With this configuration, graphite-clickhouse issuing following queries:

SELECT
    regexp,
    function,
    age,
    precision,
    is_default
FROM system.graphite_retentions
ARRAY JOIN Tables AS table
WHERE (table.database = 'graphite') AND (table.table = 'data_local')
ORDER BY
    is_default ASC,
    priority ASC,
    regexp ASC,
    age ASC
FORMAT JSON

Query id: 82e5d1c5-2178-473b-bfab-ffe6c5eae3e6

{
        "meta":
        [
                {
                        "name": "regexp",
                        "type": "String"
                },
                {
                        "name": "function",
                        "type": "String"
                },
                {
                        "name": "age",
                        "type": "UInt64"
                },
                {
                        "name": "precision",
                        "type": "UInt64"
                },
                {
                        "name": "is_default",
                        "type": "UInt8"
                }
        ],

        "data":
        [
                {
                        "regexp": "",
                        "function": "any",
                        "age": "0",
                        "precision": "60",
                        "is_default": 1
                }

        ],

        "rows": 1,

        "statistics":
        {
                "elapsed": 0.000710489,
                "rows_read": 1,
                "bytes_read": 116
        }
}

1 rows in set. Elapsed: 0.023 sec.

Now, related to https://clickhouse.com/docs/en/engines/table-engines/mergetree-family/graphitemergetree/#rollup-configuration

age – The minimum age of the data in seconds. precision– How precisely to define the age of the data in seconds. Should be a divisor for 86400 (seconds in a day). function – The name of the aggregating function to apply to data whose age falls within the range [age, age + precision]. Accepted functions: min / max / any / avg. The average is calculated imprecisely, like the average of the averages.

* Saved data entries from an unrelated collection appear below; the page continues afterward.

(* Let $\mathbb{F}$ be a field with $\mathrm{char}(\mathbb{F})\neq2$, let $X$ be a unitary alternative $\mathbb{F}$-algebra, $B$ an alternative $\mathbb{F}$-algebra and $\varphi\colon B\to X$ an algebra homomorphism (not required to preserve units). Then the vector space $B\oplus X$ with multiplication $$(b,x)\cdot(b',x')=(bb',\;xx'+\varphi(b)x'+x\varphi(b'))$$ is an alternative algebra, and together with the inclusion $x\mapsto(0,x)$, the projection $(b,x)\mapsto b$ and the section $b\mapsto(b,0)$ it forms a split extension of $B$ by $X$ in $\mathbf{Alt}$.
   Context: An alternative algebra is a non-associative algebra satisfying $(yx)x=y(xx)$ and $x(xy)=(xx)y$; $\mathbf{Alt}$ is the category of such algebras with multiplicative linear maps. A split extension of $B$ by $X$ is a diagram $X\xrightarrow{k}A\underset{\beta}{\overset{\alpha}{\rightleftarrows}}B$ with $\alpha\circ\beta=\mathrm{id}_B$ and $(X,k)$ a kernel of $\alpha$. *)

theory Defs
  imports Complex_Main "HOL-Library.Product_Plus"
begin

definition is_algebra :: "('k::field \<Rightarrow> 'v::ab_group_add \<Rightarrow> 'v) \<Rightarrow> ('v \<Rightarrow> 'v \<Rightarrow> 'v) \<Rightarrow> bool" where
  "is_algebra sc mu \<longleftrightarrow> vector_space sc \<and>
     (\<forall>x y z. mu (x + y) z = mu x z + mu y z) \<and>
     (\<forall>x y z. mu z (x + y) = mu z x + mu z y) \<and>
     (\<forall>c x y. mu (sc c x) y = sc c (mu x y)) \<and>
     (\<forall>c x y. mu x (sc c y) = sc c (mu x y))"

definition is_alt_algebra :: "('k::field \<Rightarrow> 'v::ab_group_add \<Rightarrow> 'v) \<Rightarrow> ('v \<Rightarrow> 'v \<Rightarrow> 'v) \<Rightarrow> bool" where
  "is_alt_algebra sc mu \<longleftrightarrow> is_algebra sc mu \<and>
     (\<forall>x y. mu (mu y x) x = mu y (mu x x)) \<and>
     (\<forall>x y. mu x (mu x y) = mu (mu x x) y)"

definition unitary :: "('v \<Rightarrow> 'v \<Rightarrow> 'v) \<Rightarrow> bool" where
  "unitary mu \<longleftrightarrow> (\<exists>e. \<forall>x. mu e x = x \<and> mu x e = x)"

text \<open>Morphisms of Alt: multiplicative linear maps (units need not be preserved).\<close>
definition alg_hom :: "('k::field \<Rightarrow> 'v::ab_group_add \<Rightarrow> 'v) \<Rightarrow> ('v \<Rightarrow> 'v \<Rightarrow> 'v) \<Rightarrow>
    ('k \<Rightarrow> 'w::ab_group_add \<Rightarrow> 'w) \<Rightarrow> ('w \<Rightarrow> 'w \<Rightarrow> 'w) \<Rightarrow> ('v \<Rightarrow> 'w) \<Rightarrow> bool" where
  "alg_hom sc1 mu1 sc2 mu2 f \<longleftrightarrow>
     (\<forall>x y. f (x + y) = f x + f y) \<and>
     (\<forall>c x. f (sc1 c x) = sc2 c (f x)) \<and>
     (\<forall>x y. f (mu1 x y) = mu2 (f x) (f y))"

text \<open>The universal property is tested
  against all alternative algebras whose underlying type is 'z (the type parameter is
  left free in the main theorem, hence universally quantified over all types).
  The zero morphism in Alt is the constant-zero map.\<close>
definition is_kernel_Alt :: "'z::ab_group_add itself \<Rightarrow>
    ('k::field \<Rightarrow> 'x::ab_group_add \<Rightarrow> 'x) \<Rightarrow> ('x \<Rightarrow> 'x \<Rightarrow> 'x) \<Rightarrow> ('x \<Rightarrow> 'a) \<Rightarrow>
    ('k \<Rightarrow> 'a::ab_group_add \<Rightarrow> 'a) \<Rightarrow> ('a \<Rightarrow> 'a \<Rightarrow> 'a) \<Rightarrow> ('a \<Rightarrow> 'b) \<Rightarrow>
    ('b::ab_group_add) itself \<Rightarrow> bool" where
  "is_kernel_Alt _ scX muX k scA muA alpha _ \<longleftrightarrow>
     is_alt_algebra scX muX \<and>
     alg_hom scX muX scA muA k \<and> (\<forall>x. alpha (k x) = 0) \<and>
     (\<forall>(scZ :: 'k \<Rightarrow> 'z \<Rightarrow> 'z) muZ g.
        is_alt_algebra scZ muZ \<and> alg_hom scZ muZ scA muA g \<and> (\<forall>z. alpha (g z) = 0) \<longrightarrow>
        (\<exists>!h. alg_hom scZ muZ scX muX h \<and> (\<forall>z. k (h z) = g z)))"

definition split_extension_Alt :: "'z::ab_group_add itself \<Rightarrow>
    ('k::field \<Rightarrow> 'x::ab_group_add \<Rightarrow> 'x) \<Rightarrow> ('x \<Rightarrow> 'x \<Rightarrow> 'x) \<Rightarrow>
    ('k \<Rightarrow> 'a::ab_group_add \<Rightarrow> 'a) \<Rightarrow> ('a \<Rightarrow> 'a \<Rightarrow> 'a) \<Rightarrow>
    ('k \<Rightarrow> 'b::ab_group_add \<Rightarrow> 'b) \<Rightarrow> ('b \<Rightarrow> 'b \<Rightarrow> 'b) \<Rightarrow>
    ('x \<Rightarrow> 'a) \<Rightarrow> ('a \<Rightarrow> 'b) \<Rightarrow> ('b \<Rightarrow> 'a) \<Rightarrow> bool" where
  "split_extension_Alt tz scX muX scA muA scB muB k alpha beta \<longleftrightarrow>
     is_alt_algebra scX muX \<and> is_alt_algebra scA muA \<and> is_alt_algebra scB muB \<and>
     alg_hom scA muA scB muB alpha \<and> alg_hom scB muB scA muA beta \<and>
     alpha \<circ> beta = id \<and>
     is_kernel_Alt tz scX muX k scA muA alpha TYPE('b)"

end

theory Submission
  imports Defs
begin

text \<open>The twist \<open>(b, x) \<mapsto> (b, x + \<phi> b)\<close> is an injective multiplicative map from the
  semidirect product onto the direct product \<open>B \<times> X\<close>, and the alternative laws transfer back
  along it. Kernel property and splitting are componentwise bookkeeping.\<close>

definition prod_scale :: "('k \<Rightarrow> 'b \<Rightarrow> 'b) \<Rightarrow> ('k \<Rightarrow> 'x \<Rightarrow> 'x) \<Rightarrow> 'k \<Rightarrow> 'b \<times> 'x \<Rightarrow> 'b \<times> 'x" where
  "prod_scale scB scX = (\<lambda>c (b, x). (scB c b, scX c x))"

definition prod_mult :: "('b \<Rightarrow> 'b \<Rightarrow> 'b) \<Rightarrow> ('x \<Rightarrow> 'x \<Rightarrow> 'x) \<Rightarrow> 'b \<times> 'x \<Rightarrow> 'b \<times> 'x \<Rightarrow> 'b \<times> 'x" where
  "prod_mult muB muX = (\<lambda>(b, x) (b', x'). (muB b b', muX x x'))"

definition semidirect_mult ::
    "('b \<Rightarrow> 'x) \<Rightarrow> ('b \<Rightarrow> 'b \<Rightarrow> 'b) \<Rightarrow> ('x \<Rightarrow> 'x::plus \<Rightarrow> 'x) \<Rightarrow> 'b \<times> 'x \<Rightarrow> 'b \<times> 'x \<Rightarrow> 'b \<times> 'x" where
  "semidirect_mult phi muB muX =
     (\<lambda>(b, x) (b', x'). (muB b b', muX x x' + muX (phi b) x' + muX x (phi b')))"

definition twist :: "('b \<Rightarrow> 'x) \<Rightarrow> 'b \<times> 'x \<Rightarrow> 'b \<times> 'x::plus" where
  "twist phi = (\<lambda>(b, x). (b, x + phi b))"

lemma algebra_distribs:
  assumes "is_algebra sc mu"
  shows algebra_add_left: "mu (x + y) z = mu x z + mu y z"
    and algebra_add_right: "mu z (x + y) = mu z x + mu z y"
    and algebra_scale_left: "mu (sc c x) y = sc c (mu x y)"
    and algebra_scale_right: "mu x (sc c y) = sc c (mu x y)"
  using assms unfolding is_algebra_def by blast+

lemma algebra_mult_zero:
  assumes "is_algebra sc mu"
  shows algebra_mult_zero_left: "mu 0 x = 0"
    and algebra_mult_zero_right: "mu x 0 = 0"
  using algebra_add_left[OF assms, of 0 0 x] algebra_add_right[OF assms, of x 0 0] by simp_all

lemma algebra_vector_space: "is_algebra sc mu \<Longrightarrow> vector_space sc"
  unfolding is_algebra_def by blast

lemma alt_algebra_is_algebra: "is_alt_algebra sc mu \<Longrightarrow> is_algebra sc mu"
  unfolding is_alt_algebra_def by blast

lemma alt_algebra_laws:
  assumes "is_alt_algebra sc mu"
  shows alt_right: "mu (mu y x) x = mu y (mu x x)"
    and alt_left: "mu x (mu x y) = mu (mu x x) y"
  using assms unfolding is_alt_algebra_def by blast+

lemma alg_hom_add: "alg_hom sc1 mu1 sc2 mu2 f \<Longrightarrow> f (x + y) = f x + f y"
  and alg_hom_scale: "alg_hom sc1 mu1 sc2 mu2 f \<Longrightarrow> f (sc1 c x) = sc2 c (f x)"
  and alg_hom_mult: "alg_hom sc1 mu1 sc2 mu2 f \<Longrightarrow> f (mu1 x y) = mu2 (f x) (f y)"
  unfolding alg_hom_def by blast+

lemma alg_hom_zero: "alg_hom sc1 mu1 sc2 mu2 f \<Longrightarrow> f 0 = 0"
  using alg_hom_add[of sc1 mu1 sc2 mu2 f 0 0] by simp

lemma vector_space_scale_zero: "vector_space sc \<Longrightarrow> sc c 0 = 0"
  and vector_space_scale_add: "vector_space sc \<Longrightarrow> sc c (x + y) = sc c x + sc c y"
  by (simp_all add: module.scale_zero_right module.scale_right_distrib
      flip: module_iff_vector_space)

lemma vector_space_prod_scale:
  assumes "vector_space scB" "vector_space scX"
  shows "vector_space (prod_scale scB scX)"
  using assms unfolding vector_space_def prod_scale_def by (auto simp: split_beta)

lemma is_alt_algebra_pullback:
  assumes "is_algebra sc mu" "is_alt_algebra sc' mu'" "inj f"
    and mult: "\<And>x y. f (mu x y) = mu' (f x) (f y)"
  shows "is_alt_algebra sc mu"
  unfolding is_alt_algebra_def
proof (intro conjI allI)
  show "mu (mu y x) x = mu y (mu x x)" for x y
    using injD[OF \<open>inj f\<close>] alt_right[OF assms(2)] by (simp add: mult)
  show "mu x (mu x y) = mu (mu x x) y" for x y
    using injD[OF \<open>inj f\<close>] alt_left[OF assms(2)] by (simp add: mult)
qed (fact assms(1))

lemma is_alt_algebra_prod:
  assumes B: "is_alt_algebra scB muB" and X: "is_alt_algebra scX muX"
  shows "is_alt_algebra (prod_scale scB scX) (prod_mult muB muX)"
proof -
  note BA = alt_algebra_is_algebra[OF B] and XA = alt_algebra_is_algebra[OF X]
  have "is_algebra (prod_scale scB scX) (prod_mult muB muX)"
    unfolding is_algebra_def
    using vector_space_prod_scale[OF algebra_vector_space[OF BA] algebra_vector_space[OF XA]]
    by (auto simp: prod_scale_def prod_mult_def split_beta
        algebra_distribs[OF BA] algebra_distribs[OF XA])
  then show ?thesis
    unfolding is_alt_algebra_def
    by (auto simp: prod_mult_def split_beta alt_algebra_laws[OF B] alt_algebra_laws[OF X])
qed

lemma is_algebra_semidirect:
  assumes B: "is_algebra scB muB" and X: "is_algebra scX muX"
    and phi: "alg_hom scB muB scX muX phi"
  shows "is_algebra (prod_scale scB scX) (semidirect_mult phi muB muX)"
  unfolding is_algebra_def
proof (intro conjI allI)
  show "vector_space (prod_scale scB scX)"
    by (intro vector_space_prod_scale algebra_vector_space[OF B] algebra_vector_space[OF X])
  note simps = semidirect_mult_def prod_scale_def algebra_distribs[OF B] algebra_distribs[OF X]
    alg_hom_add[OF phi] alg_hom_scale[OF phi]
  fix x y z c
  show "semidirect_mult phi muB muX (x + y) z =
      semidirect_mult phi muB muX x z + semidirect_mult phi muB muX y z"
    and "semidirect_mult phi muB muX z (x + y) =
      semidirect_mult phi muB muX z x + semidirect_mult phi muB muX z y"
    by (cases x; cases y; cases z; simp add: simps algebra_simps)+
  show "semidirect_mult phi muB muX (prod_scale scB scX c x) y =
      prod_scale scB scX c (semidirect_mult phi muB muX x y)"
    and "semidirect_mult phi muB muX x (prod_scale scB scX c y) =
      prod_scale scB scX c (semidirect_mult phi muB muX x y)"
    using algebra_vector_space[OF X]
    by (cases x; cases y; simp add: simps vector_space_scale_add)+
qed

lemma inj_twist: "inj (twist (phi :: 'b \<Rightarrow> 'x::group_add))"
  by (rule injI) (auto simp: twist_def split_beta prod_eq_iff)

lemma twist_semidirect_mult:
  assumes X: "is_algebra scX muX" and phi: "alg_hom scB muB scX muX phi"
  shows "twist phi (semidirect_mult phi muB muX P Q) =
    prod_mult muB muX (twist phi P) (twist phi Q)"
  by (cases P; cases Q)
    (simp add: twist_def semidirect_mult_def prod_mult_def algebra_distribs[OF X]
      alg_hom_mult[OF phi] algebra_simps)

lemma is_alt_algebra_semidirect:
  assumes B: "is_alt_algebra scB muB" and X: "is_alt_algebra scX muX"
    and phi: "alg_hom scB muB scX muX phi"
  shows "is_alt_algebra (prod_scale scB scX) (semidirect_mult phi muB muX)"
  using alt_algebra_is_algebra[OF B] alt_algebra_is_algebra[OF X]
  by (intro is_alt_algebra_pullback[OF _ is_alt_algebra_prod[OF B X] inj_twist[of phi]]
      is_algebra_semidirect twist_semidirect_mult[OF _ phi] phi)

lemma alg_hom_fst_semidirect:
  "alg_hom (prod_scale scB scX) (semidirect_mult phi muB muX) scB muB fst"
  unfolding alg_hom_def by (auto simp: prod_scale_def semidirect_mult_def split_beta)

lemma alg_hom_semidirect_section:
  assumes "is_algebra scX muX"
  shows "alg_hom scB muB (prod_scale scB scX) (semidirect_mult phi muB muX) (\<lambda>b. (b, 0))"
  unfolding alg_hom_def
  by (auto simp: prod_scale_def semidirect_mult_def algebra_mult_zero[OF assms]
      vector_space_scale_zero[OF algebra_vector_space[OF assms]])

lemma alg_hom_semidirect_inclusion:
  assumes "is_algebra scB muB" "is_algebra scX muX" "alg_hom scB muB scX muX phi"
  shows "alg_hom scX muX (prod_scale scB scX) (semidirect_mult phi muB muX) (\<lambda>x. (0, x))"
  unfolding alg_hom_def
  by (auto simp: prod_scale_def semidirect_mult_def algebra_mult_zero[OF assms(1)]
      algebra_mult_zero[OF assms(2)] alg_hom_zero[OF assms(3)]
      vector_space_scale_zero[OF algebra_vector_space[OF assms(1)]])

text \<open>Only the inclusion being a morphism matters here, not the multiplication on \<open>B \<times> X\<close>;
  the factorisation of \<open>g\<close> is \<open>snd \<circ> g\<close>.\<close>

lemma is_kernel_Alt_inclusion:
  fixes scA :: "'k::field \<Rightarrow> 'b::ab_group_add \<times> 'x::ab_group_add \<Rightarrow> 'b \<times> 'x"
  assumes X: "is_alt_algebra scX muX" and k: "alg_hom scX muX scA muA (\<lambda>x. (0, x))"
  shows "is_kernel_Alt TYPE('z::ab_group_add) scX muX (\<lambda>x. (0, x)) scA muA fst TYPE('b)"
  unfolding is_kernel_Alt_def
proof (intro conjI allI impI)
  fix scZ :: "'k \<Rightarrow> 'z \<Rightarrow> 'z" and muZ g
  assume "is_alt_algebra scZ muZ \<and> alg_hom scZ muZ scA muA g \<and> (\<forall>z. fst (g z) = 0)"
  then have g: "alg_hom scZ muZ scA muA g" and g_in_k: "\<And>z. g z = (0, snd (g z))"
    by (auto simp: prod_eq_iff)
  have "alg_hom scZ muZ scX muX (snd \<circ> g)"
    unfolding alg_hom_def
  proof (intro conjI allI)
    fix z w c
    show "(snd \<circ> g) (z + w) = (snd \<circ> g) z + (snd \<circ> g) w"
      by (simp add: alg_hom_add[OF g])
    have "g (scZ c z) = (0, scX c (snd (g z)))"
      by (metis alg_hom_scale[OF g] alg_hom_scale[OF k] g_in_k)
    then show "(snd \<circ> g) (scZ c z) = scX c ((snd \<circ> g) z)" by simp
    have "g (muZ z w) = (0, muX (snd (g z)) (snd (g w)))"
      by (metis alg_hom_mult[OF g] alg_hom_mult[OF k] g_in_k)
    then show "(snd \<circ> g) (muZ z w) = muX ((snd \<circ> g) z) ((snd \<circ> g) w)" by simp
  qed
  then show "\<exists>!h. alg_hom scZ muZ scX muX h \<and> (\<forall>z. (0, h z) = g z)"
    using g_in_k by (intro ex1I[of _ "snd \<circ> g"]) (auto simp: fun_eq_iff, metis snd_conv)
qed (use X k in simp_all)

theorem mainTheorem5:
  fixes scX :: "'k::field \<Rightarrow> 'x::ab_group_add \<Rightarrow> 'x" and muX :: "'x \<Rightarrow> 'x \<Rightarrow> 'x"
    and scB :: "'k \<Rightarrow> 'b::ab_group_add \<Rightarrow> 'b" and muB :: "'b \<Rightarrow> 'b \<Rightarrow> 'b"
    and phi :: "'b \<Rightarrow> 'x"
  assumes char: "(2::'k) \<noteq> 0"
    and X: "is_alt_algebra scX muX" and Xu: "unitary muX"
    and B: "is_alt_algebra scB muB"
    and phi: "alg_hom scB muB scX muX phi"
  shows "is_alt_algebra (\<lambda>c (b, x). (scB c b, scX c x))
           (\<lambda>(b, x) (b', x'). (muB b b', muX x x' + muX (phi b) x' + muX x (phi b')))
       \<and> split_extension_Alt TYPE('z::ab_group_add) scX muX
           (\<lambda>c (b, x). (scB c b, scX c x))
           (\<lambda>(b, x) (b', x'). (muB b b', muX x x' + muX (phi b) x' + muX x (phi b')))
           scB muB (\<lambda>x. (0, x)) fst (\<lambda>b. (b, 0))"
proof -
  note BA = alt_algebra_is_algebra[OF B] and XA = alt_algebra_is_algebra[OF X]
  have A: "is_alt_algebra (prod_scale scB scX) (semidirect_mult phi muB muX)"
    using is_alt_algebra_semidirect[OF B X phi] .
  have "split_extension_Alt TYPE('z::ab_group_add) scX muX (prod_scale scB scX) (semidirect_mult phi muB muX)
      scB muB (\<lambda>x. (0, x)) fst (\<lambda>b. (b, 0))"
    unfolding split_extension_Alt_def
    using X A B alg_hom_fst_semidirect[of scB scX phi muB muX]
      alg_hom_semidirect_section[OF XA, of scB muB phi]
      is_kernel_Alt_inclusion[where 'z='z, OF X alg_hom_semidirect_inclusion[OF BA XA phi]]
    by (simp add: fun_eq_iff)
  with A show ?thesis
    unfolding prod_scale_def semidirect_mult_def by simp
qed

end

age defining minumum age of data, in my case it's 0 which means "all data" precision - i'd like to keep one value for each 60s function - i use any

purpose of this config - keep only 1 value for each minute, if more that 1 value received within a 60s interval, and keep this data with 1-minute resolution without re-sampling (rollup).

Just in case, CH version: 21.8.12.29 graphite-clickhouse: 0.13.2

table's schema

CREATE TABLE graphite.data_local
(
    `Path` String CODEC(ZSTD(16)),
    `Value` Float64 CODEC(Gorilla, ZSTD(16)),
    `Time` UInt32 CODEC(DoubleDelta),
    `Date` Date CODEC(DoubleDelta, LZ4HC(9)),
    `Timestamp` UInt32 CODEC(DoubleDelta)
)
ENGINE = ReplicatedGraphiteMergeTree('/clickhouse/tables/401246e0-d1af-4835-8012-46e0d1afa835/{shard}', '{replica}', 'graphite_rollup')
PARTITION BY toYYYYMM(Date)
PRIMARY KEY (Path, round(Time, -5))
ORDER BY (Path, round(Time, -5), Time)
SETTINGS index_granularity = 8192

Maybe i missing something or misunderstanding the documentation? I'd be grateful for any hint :)

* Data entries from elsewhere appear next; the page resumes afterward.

(* Let $G=(V,E,t)$ be a threshold graph with type partition $V_1,\dots,V_{\mathrm{nd}}$, and fix $i\in[\mathrm{nd}]$. (i) Let $X\subseteq V$ satisfy $X=D_{G[X]}$, let $Y=Y(X)$, and let $u_{\max}$ be a node of maximum threshold in $X\cap V_i$. If there exists $v\in Y\cap V_i$ with $t(v)\le t(u_{\max})$, then $X'=(X\setminus\{u_{\max}\})\cup\{v\}$ satisfies $X'=D_{G[X']}$ and $|Y(X')|=|Y|$. (ii) Let $Y\subseteq V$ and let $v_{\max}$ be a node of maximum threshold in $Y\cap V_i$. If there exists $u\in D_{G,Y}\cap V_i$ with $t(u)\le t(v_{\max})$, then $Y'=(Y\setminus\{v_{\max}\})\cup\{u\}$ satisfies $|D_{G,Y'}|\le|D_{G,Y}|$.
   Context: A threshold graph is an undirected graph $G=(V,E,t)$ with threshold function $t:V\to\mathbb{N}$; $\Gamma_G(v)$ denotes the neighborhood of $v$. Given $Y\subseteq V$ (the immunized nodes), the diffusion process in $G$ is the sequence $D_{G,Y}[1]\subseteq D_{G,Y}[2]\subseteq\cdots$ with $D_{G,Y}[1]=\{u\in V\setminus Y: t(u)=0\}$ and $D_{G,Y}[\tau]=D_{G,Y}[\tau-1]\cup\{u\in V\setminus Y: |\Gamma_G(u)\cap D_{G,Y}[\tau-1]|\ge t(u)\}$; it stabilizes, and $D_{G,Y}$ denotes the final set. Write $D_G=D_{G,\emptyset}$. For $X\subseteq V$, $G[X]$ is the induced subgraph with thresholds restricted from $t$, and $Y(X)=\{u\in V\setminus X: |\Gamma_G(u)\cap D_{G[X]}|\ge t(u)\}$. Two nodes $u,v$ have the same type if $\Gamma_G(v)\setminus\{u\}=\Gamma_G(u)\setminus\{v\}$; a type partition $V_1,\dots,V_{\mathrm{nd}}$ is a partition of $V$ into classes whose nodes all have the same type. *)

theory Defs
  imports Main
begin

definition threshold_graph :: "'a set \<Rightarrow> ('a \<Rightarrow> 'a \<Rightarrow> bool) \<Rightarrow> ('a \<Rightarrow> nat) \<Rightarrow> bool" where
  "threshold_graph V E t \<longleftrightarrow> finite V \<and> (\<forall>u v. E u v \<longrightarrow> u \<in> V \<and> v \<in> V)
     \<and> (\<forall>u v. E u v \<longrightarrow> E v u) \<and> (\<forall>u. \<not> E u u)"

text \<open>Neighbourhood of v in the graph with vertex set V (for an induced subgraph G[X],
  use V = X).\<close>
definition nbr :: "'a set \<Rightarrow> ('a \<Rightarrow> 'a \<Rightarrow> bool) \<Rightarrow> 'a \<Rightarrow> 'a set" where
  "nbr V E v = {u \<in> V. E v u}"

text \<open>diff_seq V E t Y k is D_{G,Y}[k+1] (the paper indexes from 1).\<close>
fun diff_seq :: "'a set \<Rightarrow> ('a \<Rightarrow> 'a \<Rightarrow> bool) \<Rightarrow> ('a \<Rightarrow> nat) \<Rightarrow> 'a set \<Rightarrow> nat \<Rightarrow> 'a set" where
  "diff_seq V E t Y 0 = {u \<in> V - Y. t u = 0}"
| "diff_seq V E t Y (Suc k) = diff_seq V E t Y k \<union>
     {u \<in> V - Y. card (nbr V E u \<inter> diff_seq V E t Y k) \<ge> t u}"

definition diffusion :: "'a set \<Rightarrow> ('a \<Rightarrow> 'a \<Rightarrow> bool) \<Rightarrow> ('a \<Rightarrow> nat) \<Rightarrow> 'a set \<Rightarrow> 'a set" where
  "diffusion V E t Y = (\<Union>k. diff_seq V E t Y k)"

text \<open>Y(X) = {u in V \ X : |Gamma_G(u) \<inter> D_{G[X]}| \<ge> t(u)}, where G[X] has vertex set X,
  adjacency restricted to X and the restricted thresholds.\<close>
definition Yset :: "'a set \<Rightarrow> ('a \<Rightarrow> 'a \<Rightarrow> bool) \<Rightarrow> ('a \<Rightarrow> nat) \<Rightarrow> 'a set \<Rightarrow> 'a set" where
  "Yset V E t X = {u \<in> V - X. card (nbr V E u \<inter> diffusion X E t {}) \<ge> t u}"

definition same_type :: "'a set \<Rightarrow> ('a \<Rightarrow> 'a \<Rightarrow> bool) \<Rightarrow> 'a \<Rightarrow> 'a \<Rightarrow> bool" where
  "same_type V E u v \<longleftrightarrow> nbr V E v - {u} = nbr V E u - {v}"

definition type_partition :: "'a set \<Rightarrow> ('a \<Rightarrow> 'a \<Rightarrow> bool) \<Rightarrow> (nat \<Rightarrow> 'a set) \<Rightarrow> nat \<Rightarrow> bool" where
  "type_partition V E Vs nd \<longleftrightarrow>
     (\<Union>i\<in>{1..nd}. Vs i) = V
     \<and> (\<forall>i\<in>{1..nd}. Vs i \<noteq> {})
     \<and> (\<forall>i\<in>{1..nd}. \<forall>j\<in>{1..nd}. i \<noteq> j \<longrightarrow> Vs i \<inter> Vs j = {})
     \<and> (\<forall>i\<in>{1..nd}. \<forall>u\<in>Vs i. \<forall>v\<in>Vs i. same_type V E u v)"

end

theory Submission
  imports Defs "HOL-Combinatorics.Transposition"
begin

(* Two nodes of the same type are interchangeable: the transposition swapping them is an
   automorphism of the graph. Since the diffusion set is the least set closed under activation,
   diffusion can only grow along injective maps that preserve adjacency and do not raise
   thresholds. In (i) the transposition of umax and v maps X onto X' without raising thresholds
   (t v <= t umax), so X' activates itself; away from umax and v the numbers of active neighbours
   in X and in X' agree, and umax, activated inside X, is also activated by X', whence
   Y(X') = Y(X) - {v} + {umax}. In (ii) the transposition of vmax and u maps D_{G,Y'}
   injectively into D_{G,Y}. *)

lemma diff_seq_subset: "diff_seq W E t Y k \<subseteq> W - Y"
  by (induction k) auto

lemma mono_diff_seq: "mono (diff_seq W E t Y)"
  unfolding mono_iff_le_Suc by auto

lemma diffusion_subset: "diffusion W E t Y \<subseteq> W - Y"
  unfolding diffusion_def by (intro UN_least diff_seq_subset)

lemma finite_nbr: "finite W \<Longrightarrow> finite (nbr W E x)"
  unfolding nbr_def by simp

PhantomPhreak avatar Jan 14 '22 11:01 PhantomPhreak

Ok, sorry for my previous comment, I haven't slept enough today and got the issue differently, because you have a distributed table graphite.data, but the table in graphite_rollup is graphite.data_local.

So, the case is legal, although it would very significantly change the default behavior, and would be unexpected for the most of users. Currently even is old metrics are in index, they aren't listed in a metrics list https://github.com/go-graphite/graphite-clickhouse/issues/83

It's possible to add a setting and fill-up missing metrics, though.

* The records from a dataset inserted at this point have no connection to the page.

(* Let $n\ge 2$, let $A_1,\dots,A_n$ be pairwise distinct points in the plane and let $\Gamma$ be a circle with centre $O$. Suppose that for every $r>0$ the quantity $\sum_{i=1}^n|PA_i|^{2n-2}$ is constant as $P$ ranges over the circle $\Gamma_r$ of radius $r$ centred at $O$ (the constant may depend on $r$). Then $A_1,\dots,A_n$ are the vertices of a regular $n$-gon inscribed in a circle centred at $O$.
   Context: $|PA|$ denotes Euclidean distance. For $n=2$ a "regular $2$-gon inscribed in a circle centred at $O$" means two distinct points symmetric with respect to $O$. *)

theory Defs
  imports Complex_Main
begin

text \<open>Points of the plane are modelled as complex numbers; the distance |PA| is cmod (P - A).\<close>

definition regular_ngon_centred :: "nat \<Rightarrow> (nat \<Rightarrow> complex) \<Rightarrow> complex \<Rightarrow> bool" where
  "regular_ngon_centred n A C \<longleftrightarrow>
     (\<exists>R::real. R > 0 \<and> (\<exists>th::real.
        A ` {..<n} = {C + complex_of_real R * cis (th + 2 * pi * real k / real n) | k. k < n}))"

end

theory Submission
  imports Defs "HOL-Computational_Algebra.Polynomial"
begin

Since the project doesn't have an active maintainer currently, it makes sense to consider a PR. We can discuss it in https://t.me/ru_go_graphite :wink:

Felixoid avatar Jan 14 '22 16:01 Felixoid

No problems, i haven't sleep enough as well and thought i was missing something :sweat_smile: Yeah, for backward compatibility this logic can be added by additional setting

PhantomPhreak avatar Jan 17 '22 15:01 PhantomPhreak